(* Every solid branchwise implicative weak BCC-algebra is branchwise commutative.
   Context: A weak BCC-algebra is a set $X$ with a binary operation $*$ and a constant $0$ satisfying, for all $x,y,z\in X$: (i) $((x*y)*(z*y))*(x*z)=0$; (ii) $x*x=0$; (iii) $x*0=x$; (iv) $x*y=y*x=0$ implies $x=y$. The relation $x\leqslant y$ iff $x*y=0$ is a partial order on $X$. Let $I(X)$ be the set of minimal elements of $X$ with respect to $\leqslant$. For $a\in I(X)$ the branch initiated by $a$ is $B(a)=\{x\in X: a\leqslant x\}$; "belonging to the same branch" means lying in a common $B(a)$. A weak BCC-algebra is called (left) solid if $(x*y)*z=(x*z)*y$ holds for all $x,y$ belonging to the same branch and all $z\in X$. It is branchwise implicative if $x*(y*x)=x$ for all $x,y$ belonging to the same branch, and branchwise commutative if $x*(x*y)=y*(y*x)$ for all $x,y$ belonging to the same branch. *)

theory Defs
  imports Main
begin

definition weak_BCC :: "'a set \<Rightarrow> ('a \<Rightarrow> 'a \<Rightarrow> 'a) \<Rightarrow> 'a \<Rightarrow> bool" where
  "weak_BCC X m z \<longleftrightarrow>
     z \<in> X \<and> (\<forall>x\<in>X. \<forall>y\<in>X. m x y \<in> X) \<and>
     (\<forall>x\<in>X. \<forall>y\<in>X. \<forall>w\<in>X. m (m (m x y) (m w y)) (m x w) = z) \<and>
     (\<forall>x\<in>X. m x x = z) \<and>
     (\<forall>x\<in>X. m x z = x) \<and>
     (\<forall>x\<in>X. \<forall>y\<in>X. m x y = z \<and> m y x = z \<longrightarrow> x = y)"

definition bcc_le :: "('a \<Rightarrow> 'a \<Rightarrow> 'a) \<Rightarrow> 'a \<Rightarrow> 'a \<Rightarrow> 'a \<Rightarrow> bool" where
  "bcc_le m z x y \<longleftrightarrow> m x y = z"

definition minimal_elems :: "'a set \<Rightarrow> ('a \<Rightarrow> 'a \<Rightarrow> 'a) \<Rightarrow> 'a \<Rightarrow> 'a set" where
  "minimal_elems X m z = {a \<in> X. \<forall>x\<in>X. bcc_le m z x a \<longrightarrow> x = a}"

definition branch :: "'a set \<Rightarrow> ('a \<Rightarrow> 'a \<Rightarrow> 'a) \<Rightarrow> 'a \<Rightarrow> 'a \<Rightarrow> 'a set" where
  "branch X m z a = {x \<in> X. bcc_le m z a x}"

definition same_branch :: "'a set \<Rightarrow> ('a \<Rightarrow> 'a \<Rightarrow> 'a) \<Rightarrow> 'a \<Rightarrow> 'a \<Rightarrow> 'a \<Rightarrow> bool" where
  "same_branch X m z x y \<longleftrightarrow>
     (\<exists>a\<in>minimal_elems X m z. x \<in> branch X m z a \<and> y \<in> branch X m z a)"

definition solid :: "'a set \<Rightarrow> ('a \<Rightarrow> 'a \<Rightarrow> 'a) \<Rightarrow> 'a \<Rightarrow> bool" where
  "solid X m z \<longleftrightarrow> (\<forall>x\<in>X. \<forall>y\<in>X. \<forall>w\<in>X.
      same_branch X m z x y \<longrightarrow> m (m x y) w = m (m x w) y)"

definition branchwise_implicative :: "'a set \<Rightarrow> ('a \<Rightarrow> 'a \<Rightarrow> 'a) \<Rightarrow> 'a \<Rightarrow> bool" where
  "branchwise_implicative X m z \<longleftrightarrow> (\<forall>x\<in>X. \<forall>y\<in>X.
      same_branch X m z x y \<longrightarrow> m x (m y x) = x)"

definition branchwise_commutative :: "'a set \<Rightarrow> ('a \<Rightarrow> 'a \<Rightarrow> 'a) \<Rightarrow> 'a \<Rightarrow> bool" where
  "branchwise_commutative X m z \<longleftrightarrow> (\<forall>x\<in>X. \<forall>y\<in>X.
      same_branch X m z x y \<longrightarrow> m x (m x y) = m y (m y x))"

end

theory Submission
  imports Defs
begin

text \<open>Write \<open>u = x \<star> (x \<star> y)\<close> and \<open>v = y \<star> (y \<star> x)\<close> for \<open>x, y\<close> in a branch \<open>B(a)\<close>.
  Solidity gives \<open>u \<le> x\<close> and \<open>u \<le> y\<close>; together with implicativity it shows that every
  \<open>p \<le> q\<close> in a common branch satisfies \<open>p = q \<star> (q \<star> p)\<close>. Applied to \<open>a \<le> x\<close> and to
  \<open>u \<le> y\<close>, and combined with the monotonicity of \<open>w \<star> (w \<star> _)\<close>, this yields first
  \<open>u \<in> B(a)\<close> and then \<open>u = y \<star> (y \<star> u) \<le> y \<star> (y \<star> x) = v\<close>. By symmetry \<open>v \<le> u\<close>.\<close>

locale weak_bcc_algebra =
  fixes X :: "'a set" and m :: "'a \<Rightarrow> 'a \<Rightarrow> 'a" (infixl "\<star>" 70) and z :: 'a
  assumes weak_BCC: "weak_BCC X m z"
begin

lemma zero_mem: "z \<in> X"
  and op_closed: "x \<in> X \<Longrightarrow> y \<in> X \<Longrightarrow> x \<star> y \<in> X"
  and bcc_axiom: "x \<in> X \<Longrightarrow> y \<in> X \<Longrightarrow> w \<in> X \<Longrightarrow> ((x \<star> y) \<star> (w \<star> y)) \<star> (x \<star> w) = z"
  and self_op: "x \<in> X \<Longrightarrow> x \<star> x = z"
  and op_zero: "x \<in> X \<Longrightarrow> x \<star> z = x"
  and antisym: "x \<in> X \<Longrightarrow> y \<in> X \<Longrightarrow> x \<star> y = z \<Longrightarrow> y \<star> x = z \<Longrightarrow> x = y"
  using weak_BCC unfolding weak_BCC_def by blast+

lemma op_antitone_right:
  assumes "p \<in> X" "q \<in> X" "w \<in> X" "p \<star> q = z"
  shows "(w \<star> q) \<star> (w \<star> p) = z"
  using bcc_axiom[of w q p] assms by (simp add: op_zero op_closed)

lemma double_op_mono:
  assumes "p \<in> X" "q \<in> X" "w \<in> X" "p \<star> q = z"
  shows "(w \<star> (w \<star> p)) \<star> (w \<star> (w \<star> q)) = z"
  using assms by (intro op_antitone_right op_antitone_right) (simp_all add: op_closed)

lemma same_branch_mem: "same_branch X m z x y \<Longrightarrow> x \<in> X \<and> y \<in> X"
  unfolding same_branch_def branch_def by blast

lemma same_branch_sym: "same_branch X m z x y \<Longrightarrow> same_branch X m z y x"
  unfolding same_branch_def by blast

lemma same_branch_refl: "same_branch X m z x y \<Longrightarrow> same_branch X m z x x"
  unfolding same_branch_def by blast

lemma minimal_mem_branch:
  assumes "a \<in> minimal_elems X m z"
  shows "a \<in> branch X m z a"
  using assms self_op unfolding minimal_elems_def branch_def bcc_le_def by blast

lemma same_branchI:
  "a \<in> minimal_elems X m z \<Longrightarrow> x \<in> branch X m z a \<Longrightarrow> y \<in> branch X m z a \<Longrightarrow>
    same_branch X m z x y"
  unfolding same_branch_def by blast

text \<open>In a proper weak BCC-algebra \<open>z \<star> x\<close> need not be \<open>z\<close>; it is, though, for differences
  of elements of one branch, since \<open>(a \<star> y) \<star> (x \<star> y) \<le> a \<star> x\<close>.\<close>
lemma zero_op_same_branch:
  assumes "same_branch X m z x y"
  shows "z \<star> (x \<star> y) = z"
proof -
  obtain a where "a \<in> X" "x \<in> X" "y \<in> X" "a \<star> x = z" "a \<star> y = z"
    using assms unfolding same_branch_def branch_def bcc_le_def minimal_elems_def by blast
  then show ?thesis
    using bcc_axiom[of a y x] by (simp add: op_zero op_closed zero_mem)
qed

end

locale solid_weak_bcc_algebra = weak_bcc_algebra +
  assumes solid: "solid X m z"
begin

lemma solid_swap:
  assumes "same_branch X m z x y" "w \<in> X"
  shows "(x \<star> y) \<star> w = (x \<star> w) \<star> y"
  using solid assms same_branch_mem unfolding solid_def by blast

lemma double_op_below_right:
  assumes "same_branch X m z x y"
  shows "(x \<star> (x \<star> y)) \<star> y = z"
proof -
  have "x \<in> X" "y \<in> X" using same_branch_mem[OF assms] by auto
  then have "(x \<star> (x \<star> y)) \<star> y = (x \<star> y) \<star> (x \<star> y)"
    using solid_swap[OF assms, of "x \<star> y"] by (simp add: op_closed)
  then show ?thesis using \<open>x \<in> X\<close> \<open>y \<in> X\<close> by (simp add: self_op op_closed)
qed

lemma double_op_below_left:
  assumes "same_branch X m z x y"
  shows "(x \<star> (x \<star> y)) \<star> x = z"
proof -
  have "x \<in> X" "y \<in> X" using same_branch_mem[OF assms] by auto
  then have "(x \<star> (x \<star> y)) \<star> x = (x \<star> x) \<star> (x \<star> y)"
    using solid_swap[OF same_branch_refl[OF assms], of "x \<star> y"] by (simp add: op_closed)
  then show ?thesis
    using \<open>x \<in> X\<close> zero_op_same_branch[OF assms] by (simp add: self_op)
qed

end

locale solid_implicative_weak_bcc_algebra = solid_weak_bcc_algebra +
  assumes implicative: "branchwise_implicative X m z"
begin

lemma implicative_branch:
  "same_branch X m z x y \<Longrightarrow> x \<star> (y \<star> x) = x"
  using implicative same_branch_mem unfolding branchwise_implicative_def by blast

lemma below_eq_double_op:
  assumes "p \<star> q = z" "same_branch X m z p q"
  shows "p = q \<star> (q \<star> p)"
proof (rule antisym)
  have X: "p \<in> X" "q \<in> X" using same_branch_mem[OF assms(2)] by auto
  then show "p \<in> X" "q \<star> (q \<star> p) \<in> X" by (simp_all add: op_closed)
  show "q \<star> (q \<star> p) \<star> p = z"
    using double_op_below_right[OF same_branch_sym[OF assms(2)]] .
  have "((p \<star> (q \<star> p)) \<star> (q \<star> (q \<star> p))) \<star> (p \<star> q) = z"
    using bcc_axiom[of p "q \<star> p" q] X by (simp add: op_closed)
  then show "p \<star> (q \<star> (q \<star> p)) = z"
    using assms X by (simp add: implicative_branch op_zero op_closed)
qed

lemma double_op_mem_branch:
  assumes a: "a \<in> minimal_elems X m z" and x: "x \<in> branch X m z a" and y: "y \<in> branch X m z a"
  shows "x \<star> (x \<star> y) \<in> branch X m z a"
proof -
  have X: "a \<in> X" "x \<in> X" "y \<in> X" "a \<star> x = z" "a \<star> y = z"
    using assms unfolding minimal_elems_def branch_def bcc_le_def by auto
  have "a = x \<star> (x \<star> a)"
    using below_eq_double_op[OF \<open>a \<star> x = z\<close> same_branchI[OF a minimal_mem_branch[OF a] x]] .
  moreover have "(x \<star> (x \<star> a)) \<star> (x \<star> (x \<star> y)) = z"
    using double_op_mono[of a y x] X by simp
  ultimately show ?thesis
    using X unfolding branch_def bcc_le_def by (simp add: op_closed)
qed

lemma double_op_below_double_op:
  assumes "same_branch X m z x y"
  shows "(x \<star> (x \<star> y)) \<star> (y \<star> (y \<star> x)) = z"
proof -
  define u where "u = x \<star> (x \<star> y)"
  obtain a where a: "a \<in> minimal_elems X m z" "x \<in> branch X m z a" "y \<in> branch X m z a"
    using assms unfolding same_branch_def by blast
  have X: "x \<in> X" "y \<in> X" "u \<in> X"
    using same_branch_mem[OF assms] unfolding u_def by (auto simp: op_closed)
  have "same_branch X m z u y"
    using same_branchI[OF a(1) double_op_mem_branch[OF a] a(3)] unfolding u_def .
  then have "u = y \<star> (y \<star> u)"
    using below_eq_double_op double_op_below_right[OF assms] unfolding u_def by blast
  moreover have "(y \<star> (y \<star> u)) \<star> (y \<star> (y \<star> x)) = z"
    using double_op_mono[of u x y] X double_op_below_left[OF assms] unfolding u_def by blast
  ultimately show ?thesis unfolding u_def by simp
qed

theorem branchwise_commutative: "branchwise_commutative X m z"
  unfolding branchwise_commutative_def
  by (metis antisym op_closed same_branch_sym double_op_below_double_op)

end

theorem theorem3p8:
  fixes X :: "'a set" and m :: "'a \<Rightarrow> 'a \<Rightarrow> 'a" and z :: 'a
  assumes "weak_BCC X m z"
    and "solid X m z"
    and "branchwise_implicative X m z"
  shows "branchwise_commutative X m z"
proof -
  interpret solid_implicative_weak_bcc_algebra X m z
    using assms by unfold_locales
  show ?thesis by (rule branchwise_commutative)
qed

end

------------

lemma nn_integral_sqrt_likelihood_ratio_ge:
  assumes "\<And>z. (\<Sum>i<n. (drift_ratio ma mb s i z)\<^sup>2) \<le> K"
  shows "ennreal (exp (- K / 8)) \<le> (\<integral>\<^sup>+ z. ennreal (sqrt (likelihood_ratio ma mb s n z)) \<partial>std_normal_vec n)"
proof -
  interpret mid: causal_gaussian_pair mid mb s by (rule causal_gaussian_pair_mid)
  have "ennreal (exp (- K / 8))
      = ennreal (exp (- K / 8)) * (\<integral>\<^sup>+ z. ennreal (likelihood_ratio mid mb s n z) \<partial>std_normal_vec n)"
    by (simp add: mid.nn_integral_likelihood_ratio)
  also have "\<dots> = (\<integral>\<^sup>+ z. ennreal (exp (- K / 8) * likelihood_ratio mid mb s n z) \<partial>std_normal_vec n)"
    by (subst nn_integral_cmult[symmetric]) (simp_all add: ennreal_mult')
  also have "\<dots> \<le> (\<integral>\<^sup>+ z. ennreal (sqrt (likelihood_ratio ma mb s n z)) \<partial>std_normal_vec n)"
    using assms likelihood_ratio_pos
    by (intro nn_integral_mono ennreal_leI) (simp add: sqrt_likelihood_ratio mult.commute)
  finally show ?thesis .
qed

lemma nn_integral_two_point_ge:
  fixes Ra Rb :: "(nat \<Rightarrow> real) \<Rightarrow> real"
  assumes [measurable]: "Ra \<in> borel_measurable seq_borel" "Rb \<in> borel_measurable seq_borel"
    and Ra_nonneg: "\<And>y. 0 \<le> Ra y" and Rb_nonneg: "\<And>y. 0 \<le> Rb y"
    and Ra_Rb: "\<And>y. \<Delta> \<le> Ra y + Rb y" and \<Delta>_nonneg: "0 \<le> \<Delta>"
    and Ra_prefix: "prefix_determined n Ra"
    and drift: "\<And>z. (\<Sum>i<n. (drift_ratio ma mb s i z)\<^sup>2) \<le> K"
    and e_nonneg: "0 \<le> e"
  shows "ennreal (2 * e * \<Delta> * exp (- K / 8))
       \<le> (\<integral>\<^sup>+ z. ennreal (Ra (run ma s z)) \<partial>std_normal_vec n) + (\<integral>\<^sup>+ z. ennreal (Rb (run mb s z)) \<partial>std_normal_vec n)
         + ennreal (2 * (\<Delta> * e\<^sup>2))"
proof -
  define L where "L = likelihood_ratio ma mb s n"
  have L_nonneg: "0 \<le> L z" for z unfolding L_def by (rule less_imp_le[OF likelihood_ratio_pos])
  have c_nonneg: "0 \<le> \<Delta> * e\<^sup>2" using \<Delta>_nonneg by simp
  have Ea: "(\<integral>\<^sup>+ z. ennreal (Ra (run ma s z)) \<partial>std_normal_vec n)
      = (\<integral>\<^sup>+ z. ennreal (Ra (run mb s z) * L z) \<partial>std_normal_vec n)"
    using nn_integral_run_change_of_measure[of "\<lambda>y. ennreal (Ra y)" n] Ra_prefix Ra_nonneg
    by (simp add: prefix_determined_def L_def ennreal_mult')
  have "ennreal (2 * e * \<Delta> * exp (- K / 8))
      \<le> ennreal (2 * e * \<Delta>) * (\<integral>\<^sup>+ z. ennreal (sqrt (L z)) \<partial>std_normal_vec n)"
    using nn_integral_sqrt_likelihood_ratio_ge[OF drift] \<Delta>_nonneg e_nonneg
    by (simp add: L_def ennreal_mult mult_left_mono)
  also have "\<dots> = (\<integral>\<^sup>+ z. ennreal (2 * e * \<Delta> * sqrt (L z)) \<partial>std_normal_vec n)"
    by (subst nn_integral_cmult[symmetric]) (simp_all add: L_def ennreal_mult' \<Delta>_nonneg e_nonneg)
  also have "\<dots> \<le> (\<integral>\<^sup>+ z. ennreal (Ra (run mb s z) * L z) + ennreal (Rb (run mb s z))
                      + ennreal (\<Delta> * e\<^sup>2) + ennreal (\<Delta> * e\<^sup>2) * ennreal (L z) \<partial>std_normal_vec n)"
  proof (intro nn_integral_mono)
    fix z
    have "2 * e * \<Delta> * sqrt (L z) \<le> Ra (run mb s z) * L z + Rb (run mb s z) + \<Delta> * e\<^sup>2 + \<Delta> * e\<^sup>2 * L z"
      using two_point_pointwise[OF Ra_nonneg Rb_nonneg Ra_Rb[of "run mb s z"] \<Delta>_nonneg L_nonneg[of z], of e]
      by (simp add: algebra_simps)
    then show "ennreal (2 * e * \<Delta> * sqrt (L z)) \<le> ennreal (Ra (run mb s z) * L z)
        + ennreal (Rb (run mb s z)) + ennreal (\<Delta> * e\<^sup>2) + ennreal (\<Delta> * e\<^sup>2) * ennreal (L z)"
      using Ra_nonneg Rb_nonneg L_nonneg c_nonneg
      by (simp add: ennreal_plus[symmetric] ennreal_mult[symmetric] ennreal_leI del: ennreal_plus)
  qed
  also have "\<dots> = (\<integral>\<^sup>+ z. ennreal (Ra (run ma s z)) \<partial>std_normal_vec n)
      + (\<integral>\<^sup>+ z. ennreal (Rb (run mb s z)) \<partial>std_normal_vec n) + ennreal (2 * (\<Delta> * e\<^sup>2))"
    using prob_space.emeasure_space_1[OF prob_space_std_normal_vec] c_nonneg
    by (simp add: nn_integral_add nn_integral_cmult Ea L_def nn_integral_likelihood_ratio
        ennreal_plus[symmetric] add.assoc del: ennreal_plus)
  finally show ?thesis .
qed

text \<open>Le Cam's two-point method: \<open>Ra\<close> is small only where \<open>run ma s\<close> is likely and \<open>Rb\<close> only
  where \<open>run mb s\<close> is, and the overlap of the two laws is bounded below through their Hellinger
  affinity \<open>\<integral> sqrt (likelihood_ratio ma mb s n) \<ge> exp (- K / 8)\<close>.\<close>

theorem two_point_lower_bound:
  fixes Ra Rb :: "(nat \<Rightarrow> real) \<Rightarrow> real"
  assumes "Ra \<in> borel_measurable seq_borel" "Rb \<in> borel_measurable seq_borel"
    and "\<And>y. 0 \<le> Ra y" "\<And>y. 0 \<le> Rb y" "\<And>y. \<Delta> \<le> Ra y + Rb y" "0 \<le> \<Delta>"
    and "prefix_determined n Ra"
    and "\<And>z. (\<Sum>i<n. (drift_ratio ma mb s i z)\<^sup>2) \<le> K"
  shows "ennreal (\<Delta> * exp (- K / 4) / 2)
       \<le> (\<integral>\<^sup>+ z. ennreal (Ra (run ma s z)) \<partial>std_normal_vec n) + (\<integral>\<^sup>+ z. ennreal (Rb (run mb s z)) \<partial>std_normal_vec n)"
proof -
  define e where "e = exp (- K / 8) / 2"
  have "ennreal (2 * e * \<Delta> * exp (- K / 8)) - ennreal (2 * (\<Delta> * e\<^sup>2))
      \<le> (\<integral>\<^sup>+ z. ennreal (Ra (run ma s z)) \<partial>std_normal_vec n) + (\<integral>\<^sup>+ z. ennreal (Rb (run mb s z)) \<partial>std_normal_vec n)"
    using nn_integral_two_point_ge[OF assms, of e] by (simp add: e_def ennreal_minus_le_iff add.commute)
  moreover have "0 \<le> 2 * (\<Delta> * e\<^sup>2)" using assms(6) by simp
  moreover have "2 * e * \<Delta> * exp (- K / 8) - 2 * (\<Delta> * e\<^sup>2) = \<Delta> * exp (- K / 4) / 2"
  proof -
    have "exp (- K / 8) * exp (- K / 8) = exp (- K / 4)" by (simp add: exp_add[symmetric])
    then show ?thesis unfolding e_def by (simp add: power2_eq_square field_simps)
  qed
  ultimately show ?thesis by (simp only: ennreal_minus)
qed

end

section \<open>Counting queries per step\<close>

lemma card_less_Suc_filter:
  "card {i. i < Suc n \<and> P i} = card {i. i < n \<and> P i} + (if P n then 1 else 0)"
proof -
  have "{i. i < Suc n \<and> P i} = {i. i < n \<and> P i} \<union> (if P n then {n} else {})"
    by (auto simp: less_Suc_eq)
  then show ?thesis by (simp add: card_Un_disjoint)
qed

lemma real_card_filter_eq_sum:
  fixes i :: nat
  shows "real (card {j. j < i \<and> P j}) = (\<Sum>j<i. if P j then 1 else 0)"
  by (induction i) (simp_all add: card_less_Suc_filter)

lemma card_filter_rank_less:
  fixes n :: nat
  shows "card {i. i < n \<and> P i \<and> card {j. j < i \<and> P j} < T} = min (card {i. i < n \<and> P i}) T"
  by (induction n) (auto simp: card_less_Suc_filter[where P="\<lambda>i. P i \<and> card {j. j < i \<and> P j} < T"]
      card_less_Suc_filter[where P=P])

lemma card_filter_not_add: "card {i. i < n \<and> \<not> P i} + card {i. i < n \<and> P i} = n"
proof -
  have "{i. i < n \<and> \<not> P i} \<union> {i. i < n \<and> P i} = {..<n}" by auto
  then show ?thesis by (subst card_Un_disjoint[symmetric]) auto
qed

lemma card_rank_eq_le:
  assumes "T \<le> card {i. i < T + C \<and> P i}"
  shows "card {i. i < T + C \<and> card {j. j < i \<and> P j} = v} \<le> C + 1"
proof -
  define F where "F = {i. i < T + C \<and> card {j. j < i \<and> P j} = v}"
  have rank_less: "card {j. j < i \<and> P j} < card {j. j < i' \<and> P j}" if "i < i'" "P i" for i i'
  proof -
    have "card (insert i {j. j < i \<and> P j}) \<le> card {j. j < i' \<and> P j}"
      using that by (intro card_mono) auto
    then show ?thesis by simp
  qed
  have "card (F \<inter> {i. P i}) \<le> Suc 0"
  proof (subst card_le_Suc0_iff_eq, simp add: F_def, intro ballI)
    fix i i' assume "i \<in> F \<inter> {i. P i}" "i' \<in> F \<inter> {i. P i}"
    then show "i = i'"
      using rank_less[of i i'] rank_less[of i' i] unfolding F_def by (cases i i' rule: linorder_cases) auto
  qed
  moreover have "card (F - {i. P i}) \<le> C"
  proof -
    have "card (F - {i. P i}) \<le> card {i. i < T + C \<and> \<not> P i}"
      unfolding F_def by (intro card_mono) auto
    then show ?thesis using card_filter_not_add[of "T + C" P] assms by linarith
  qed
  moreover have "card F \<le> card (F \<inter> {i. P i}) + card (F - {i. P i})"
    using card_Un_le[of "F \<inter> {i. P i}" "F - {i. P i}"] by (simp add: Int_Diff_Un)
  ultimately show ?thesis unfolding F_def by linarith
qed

------------

DIRECTIONS FOR THIS TASK
Print, without alteration, only the lines above between the one holding "same_branch X m z x y \<longrightarrow> m (m" and the one holding "Solidity gives \<open>u", inclusive.

RESPONSE BELOW
      same_branch X m z x y \<longrightarrow> m (m x y) w = m (m x w) y)"

definition branchwise_implicative :: "'a set \<Rightarrow> ('a \<Rightarrow> 'a \<Rightarrow> 'a) \<Rightarrow> 'a \<Rightarrow> bool" where
  "branchwise_implicative X m z \<longleftrightarrow> (\<forall>x\<in>X. \<forall>y\<in>X.
      same_branch X m z x y \<longrightarrow> m x (m y x) = x)"

definition branchwise_commutative :: "'a set \<Rightarrow> ('a \<Rightarrow> 'a \<Rightarrow> 'a) \<Rightarrow> 'a \<Rightarrow> bool" where
  "branchwise_commutative X m z \<longleftrightarrow> (\<forall>x\<in>X. \<forall>y\<in>X.
      same_branch X m z x y \<longrightarrow> m x (m x y) = m y (m y x))"

end

theory Submission
  imports Defs
begin

text \<open>Write \<open>u = x \<star> (x \<star> y)\<close> and \<open>v = y \<star> (y \<star> x)\<close> for \<open>x, y\<close> in a branch \<open>B(a)\<close>.
  Solidity gives \<open>u \<le> x\<close> and \<open>u \<le> y\<close>; together with implicativity it shows that every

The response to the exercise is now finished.